Thursday, February 25, 2010

Free as a Bird

Ian's favorite pastime during these cold, snowy days is building a "nest." At least once a day, he grabs all the pillows and blankets he can find, puts them in a circle, then positions his stuffed animals around the nest. He feeds them, puts them to sleep, scolds them for performing various acts of defiance or rudeness, and sometimes lays down on one of the pillows himself....for about two seconds. Then he bounds up and begins his directing and building all over again. It really is cute and keeps him busy for sometimes up to an hour. Imaginative play is the best...and the most freeing!

Wednesday, February 24, 2010

Roast Chicken, Coq-au-Vin-Style

A couple of months ago, I came across a recipe for Coq au Vin, a meal of chicken stewed with wine, carrots, and mushrooms. I tried it one evening and loved the outcome...but wasn't a big fan of how long it took or how complicated it was. It was a dance of adding and removing ingredients, using both the stovetop and the oven back and forth -- in short, a little more complicated than I typically look for on a weekday evening when I'm cooking with kids underfoot.

Enter this week, when I'm running out of my supply of chicken broth in the freezer, and thus, need to roast a whole chicken soon so I have said chicken broth for a soup I'm planning to make later in the week. I have a nice, but inexpensive, bottle of merlot sitting on my counter, just waiting to be used in some capacity; a bag of carrots and a box of mushrooms in my fridge; and some leftover thyme from a meal last week. Hmm....what delicious meal can incorporate all those ingredients, be made on an early weeknight, while still providing me with a chicken carcass with which to make broth? Meet one of my new creations: Coq au Vin, the easy way.
Ok, so the picture doesn't do it justice, 1) because I didn't set up the plate well, and 2) because my camera stinks. But the idea is that it was delicious. So delicious, Eric was raving about it the next day and none of us minded eating the leftovers for a second night. I served it with steamed wehani (an incredibly fragrant dark brown rice that I got on clearance at Kroger a while back) and roasted broccoli. As an added bonus, the chicken broth that was made from the carcass is probably the best broth I've ever made. I seriously can't wait to cook with it.

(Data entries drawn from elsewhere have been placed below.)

text \<open>Write \<open>e\<^sub>i = \<phi>\<^sub>i - P\<^sub>W\<^sub>k \<phi>\<^sub>i\<close> and \<open>S\<^sub>k = sup\<^sub>\<omega>\<^sub>\<in>\<^sub>D \<Sum>\<^sub>i \<langle>e\<^sub>i, \<omega>\<rangle>\<^sup>2\<close>. Comparing \<open>W\<^sub>k\<^sub>+\<^sub>1\<close> with the
  competitor \<open>P\<^sub>W\<^sub>k \<phi>\<^sub>i + \<langle>e\<^sub>i, \<omega>\<^sub>k\<^sub>+\<^sub>1\<rangle> \<omega>\<^sub>k\<^sub>+\<^sub>1\<close> and using the weak greedy choice gives
  \<open>r\<^sub>k\<^sub>+\<^sub>1 \<le> r\<^sub>k - \<kappa>\<^sup>2 S\<^sub>k\<close>. Since \<open>e\<^sub>i \<bottom> W\<^sub>k\<close>, we have
  \<open>r\<^sub>k = \<Sum>\<^sub>i \<langle>e\<^sub>i, \<phi>\<^sub>i - \<psi>\<^sub>i\<rangle> + \<Sum>\<^sub>i \<langle>e\<^sub>i, \<psi>\<^sub>i\<rangle> \<le> (r\<^sub>k + \<parallel>\<Phi> - \<Psi>\<parallel>\<^sup>2)/2 + M \<surd>S\<^sub>k\<close> for every representation of
  \<open>\<Psi>\<close> over \<open>D\<close> of \<open>\<ell>\<^sup>1\<close> mass \<open>M\<close>, so \<open>a\<^sub>k = r\<^sub>k - \<parallel>\<Phi> - \<Psi>\<parallel>\<^sup>2\<close> satisfies \<open>a\<^sub>k \<le> 2 M \<surd>S\<^sub>k\<close>.
  Hence \<open>a\<^sub>k\<^sub>+\<^sub>1 \<le> a\<^sub>k - \<kappa>\<^sup>2 a\<^sub>k\<^sup>2 / (4 M\<^sup>2)\<close> whenever \<open>a\<^sub>k > 0\<close>, and this recursion forces
  \<open>a\<^sub>m \<le> 4 M\<^sup>2 / (\<kappa>\<^sup>2 (m + 1))\<close>. Finally let \<open>M\<close> decrease to \<open>\<parallel>\<Psi>\<parallel>\<^sub>\<ell>\<^sub>1\<^sub>(\<^sub>D\<^sub>)\<close>.\<close>

lemma orthogonal_decomposition_span:
  fixes S :: "'a::real_inner set"
  assumes "finite S"
  shows "\<exists>p\<in>span S. \<forall>w\<in>span S. inner (x - p) w = 0"
  using assms
proof (induction S arbitrary: x rule: finite_induct)
  case empty
  show ?case by (intro bexI[of _ 0]) (auto simp: span_zero)
next
  case (insert a S)
  obtain pa where pa: "pa \<in> span S" "\<forall>w\<in>span S. inner (a - pa) w = 0"
    using insert.IH by blast
  obtain px where px: "px \<in> span S" "\<forall>w\<in>span S. inner (x - px) w = 0"
    using insert.IH by blast
  define u where "u = a - pa"
  define p where "p = px + (inner x u / inner u u) *\<^sub>R u"
  have sub: "span S \<subseteq> span (insert a S)"
    by (simp add: span_mono subset_insertI)
  have "u \<in> span (insert a S)"
    unfolding u_def using pa(1) sub span_base[of a "insert a S"] by (intro span_diff) auto
  then have p_span: "p \<in> span (insert a S)"
    unfolding p_def using px(1) sub by (intro span_add span_scale) auto
  have u_orth: "inner u y = 0" if "y \<in> span S" for y
    using pa(2) that unfolding u_def by blast
  have orth_S: "inner (x - p) y = 0" if "y \<in> span S" for y
  proof -
    have "inner (x - p) y = inner (x - px) y - (inner x u / inner u u) * inner u y"
      by (simp add: p_def inner_diff_left inner_add_left)
    then show ?thesis using px(2) u_orth that by simp
  qed
  \<comment> \<open>When \<open>a \<in> span S\<close> we have \<open>u = 0\<close>, and the junk value of \<open>0 / 0\<close> makes \<open>p = px\<close>.\<close>
  have orth_u: "inner (x - p) u = 0"
  proof -
    have "inner (x - p) u = inner x u - inner px u - (inner x u / inner u u) * inner u u"
      by (simp add: p_def inner_diff_left inner_add_left)
    moreover have "inner px u = 0" using u_orth[OF px(1)] by (simp add: inner_commute)
    ultimately show ?thesis by (cases "u = 0") simp_all
  qed
  have "inner (x - p) a = inner (x - p) u + inner (x - p) pa"
    by (simp add: u_def inner_diff_right)
  then have orth_a: "inner (x - p) a = 0"
    using orth_u orth_S[OF pa(1)] by simp
  have "inner (x - p) w = 0" if "w \<in> span (insert a S)" for w
  proof -
    have "orthogonal (x - p) y" if "y \<in> insert a S" for y
      using that orth_a orth_S[OF span_base] by (auto simp: orthogonal_def)
    then show ?thesis
      using orthogonal_to_span[OF \<open>w \<in> span (insert a S)\<close>] by (simp add: orthogonal_def)
  qed
  then show ?case using p_span by blast
qed

lemma orth_proj_span:
  fixes S :: "'a::real_inner set"
  assumes "finite S"
  shows orth_proj_in_span: "orth_proj (span S) x \<in> span S"
    and orth_proj_orthogonal: "w \<in> span S \<Longrightarrow> inner (x - orth_proj (span S) x) w = 0"
proof -
  obtain p where p: "p \<in> span S" "\<forall>w\<in>span S. inner (x - p) w = 0"
    using orthogonal_decomposition_span[OF assms] by blast
  have "q = p" if q: "q \<in> span S" "\<forall>w\<in>span S. inner (x - q) w = 0" for q
  proof -
    have pq: "p - q \<in> span S" using p(1) q(1) by (rule span_diff)
    have "inner (p - q) (p - q) = inner (x - q) (p - q) - inner (x - p) (p - q)"
      by (simp add: inner_diff_left)
    also have "\<dots> = 0" using p(2) q(2) pq by simp
    finally show ?thesis by simp
  qed
  then have "orth_proj (span S) x = p"
    unfolding orth_proj_def using p by (intro the_equality) blast+
  with p show "orth_proj (span S) x \<in> span S" "w \<in> span S \<Longrightarrow> inner (x - orth_proj (span S) x) w = 0"
    by auto
qed

lemma orth_proj_span_dist_le:
  fixes S :: "'a::real_inner set"
  assumes "finite S" and "y \<in> span S"
  shows "(norm (x - orth_proj (span S) x))\<^sup>2 \<le> (norm (x - y))\<^sup>2"
proof -
  let ?p = "orth_proj (span S) x"
  have "?p - y \<in> span S"
    using orth_proj_in_span[OF assms(1)] assms(2) by (rule span_diff)
  then have "orthogonal (x - ?p) (?p - y)"
    using orth_proj_orthogonal[OF assms(1)] by (simp add: orthogonal_def)
  then have "(norm (x - y))\<^sup>2 = (norm (x - ?p))\<^sup>2 + (norm (?p - y))\<^sup>2"
    using norm_add_Pythagorean[of "x - ?p" "?p - y"] by simp
  then show ?thesis by simp
qed

lemma norm_diff_component_unit:
  fixes e w :: "'a::real_inner"
  assumes "norm w = 1"
  shows "(norm (e - inner e w *\<^sub>R w))\<^sup>2 = (norm e)\<^sup>2 - (inner e w)\<^sup>2"
proof -
  have "inner w w = 1" using assms by (simp add: norm_eq_1)
  then show ?thesis
    unfolding power2_norm_eq_inner
    by (simp add: inner_diff_left inner_diff_right inner_commute power2_eq_square)
qed

lemma two_inner_le_sum_squares:
  fixes a b :: "'a::real_inner"
  shows "2 * inner a b \<le> (norm a)\<^sup>2 + (norm b)\<^sup>2"
proof -
  have "0 \<le> (norm (a - b))\<^sup>2" by simp
  also have "\<dots> = (norm a)\<^sup>2 + (norm b)\<^sup>2 - 2 * inner a b"
    by (simp add: power2_norm_eq_inner inner_diff_left inner_diff_right inner_commute)
  finally show ?thesis by simp
qed

lemma has_sum_sum:
  fixes f :: "'i \<Rightarrow> 'b \<Rightarrow> 'c::topological_comm_monoid_add"
  assumes "finite I" and "\<And>i. i \<in> I \<Longrightarrow> (f i has_sum s i) A"
  shows "((\<lambda>x. \<Sum>i\<in>I. f i x) has_sum (\<Sum>i\<in>I. s i)) A"
  using assms by (induction I rule: finite_induct) (auto intro: has_sum_add)

lemma sum_le_of_infsum_ennreal_le:
  fixes f :: "'b \<Rightarrow> real"
  assumes "(\<Sum>\<^sub>\<infinity>x\<in>A. ennreal (f x)) \<le> ennreal M" and "M \<ge> 0"
    and "\<And>x. x \<in> A \<Longrightarrow> f x \<ge> 0" and "finite F" and "F \<subseteq> A"
  shows "sum f F \<le> M"
proof -
  have "ennreal (sum f F) = (\<Sum>\<^sub>\<infinity>x\<in>F. ennreal (f x))"
    using assms(3-5) by (subst sum_ennreal[symmetric]) auto
  also have "\<dots> \<le> (\<Sum>\<^sub>\<infinity>x\<in>A. ennreal (f x))"
    using assms(5) by (intro infsum_mono_neutral nonneg_summable_on_complete) auto
  also have "\<dots> \<le> ennreal M" by fact
  finally show ?thesis using assms(2) by (simp add: ennreal_le_iff)
qed

definition max_correlation :: "'a::real_inner set \<Rightarrow> nat \<Rightarrow> (nat \<Rightarrow> 'a) \<Rightarrow> real" where
  "max_correlation D n e = (SUP w\<in>D. \<Sum>i<n. (inner (e i) w)\<^sup>2)"

lemma correlation_le_max_correlation:
  fixes D :: "'a::real_inner set"
  assumes unit: "\<forall>w\<in>D. norm w = 1" and "w \<in> D"
  shows "(\<Sum>i<n. (inner (e i) w)\<^sup>2) \<le> max_correlation D n e"
  unfolding max_correlation_def
proof (rule cSUP_upper[OF \<open>w \<in> D\<close>], rule bdd_aboveI2)
  fix v assume "v \<in> D"
  then have "(inner (e i) v)\<^sup>2 \<le> (norm (e i))\<^sup>2" for i
    using Cauchy_Schwarz_ineq2[of "e i" v] unit power_mono[of "\<bar>inner (e i) v\<bar>" "norm (e i)" 2]
    by simp
  then show "(\<Sum>i<n. (inner (e i) v)\<^sup>2) \<le> (\<Sum>i<n. (norm (e i))\<^sup>2)"
    by (intro sum_mono)
qed

lemma max_correlation_nonneg:
  fixes D :: "'a::real_inner set"
  assumes "\<forall>w\<in>D. norm w = 1" and "D \<noteq> {}"
  shows "0 \<le> max_correlation D n e"
proof -
  obtain w where "w \<in> D" using assms(2) by blast
  have "0 \<le> (\<Sum>i<n. (inner (e i) w)\<^sup>2)" by (simp add: sum_nonneg)
  also have "\<dots> \<le> max_correlation D n e"
    using correlation_le_max_correlation[OF assms(1) \<open>w \<in> D\<close>] .
  finally show ?thesis .
qed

So here's a rough estimation of what I did to make this "keeper" dish:

6 slices bacon, chopped
1 whole chicken, rinsed and patted dry
kosher salt and freshly ground black pepper
1 T. olive oil
1 yellow onion, sliced
6-8 carrots, cut diagonally into 2"-pieces
8 oz. baby bella mushrooms, quartered
5-6 fresh thyme sprigs
2 cloves garlic, pressed
2 T. brandy or Cognac
1 c. dry red wine
1 T. cornstarch

Preheat oven to 400F. In a skillet, fry the bacon until slightly crispy. Drain on paper towels and set aside. Sprinkle the whole chicken with salt and pepper and place a few carrots, onions, mushrooms, and thyme inside the cavity. Heat the oil in a roasting pan or Dutch oven over med-high heat. Add the pressed garlic, followed by the chicken. Brown each side of the chicken for 2-4 minutes, or until slightly brown in spots. Carefully add the brandy/Cognac and the wine to the pan and allow the alcohol to cook off for a minute or two. Add the bacon to the roasting pan, sprinkling it on top of and around the chicken. Add the onions in a layer around the chicken, followed by the carrots, the mushrooms, and then the thyme sprigs. Cover and place in the oven; roast for about an hour, or until the innermost parts register at 165F. Remove from oven, throw away the thyme sprigs and remove the carrots, mushrooms, onions, and bacon to a separate bowl, using a slotted spoon. With a basting bulb, remove all the liquid from around the chicken and put it in a small saucepan. Add the cornstarch (making a paste with a small amount of the broth first), and heat the liquid until it thickens to a gravy. Place the chicken on a large plate and serve with the vegetable and the gravy.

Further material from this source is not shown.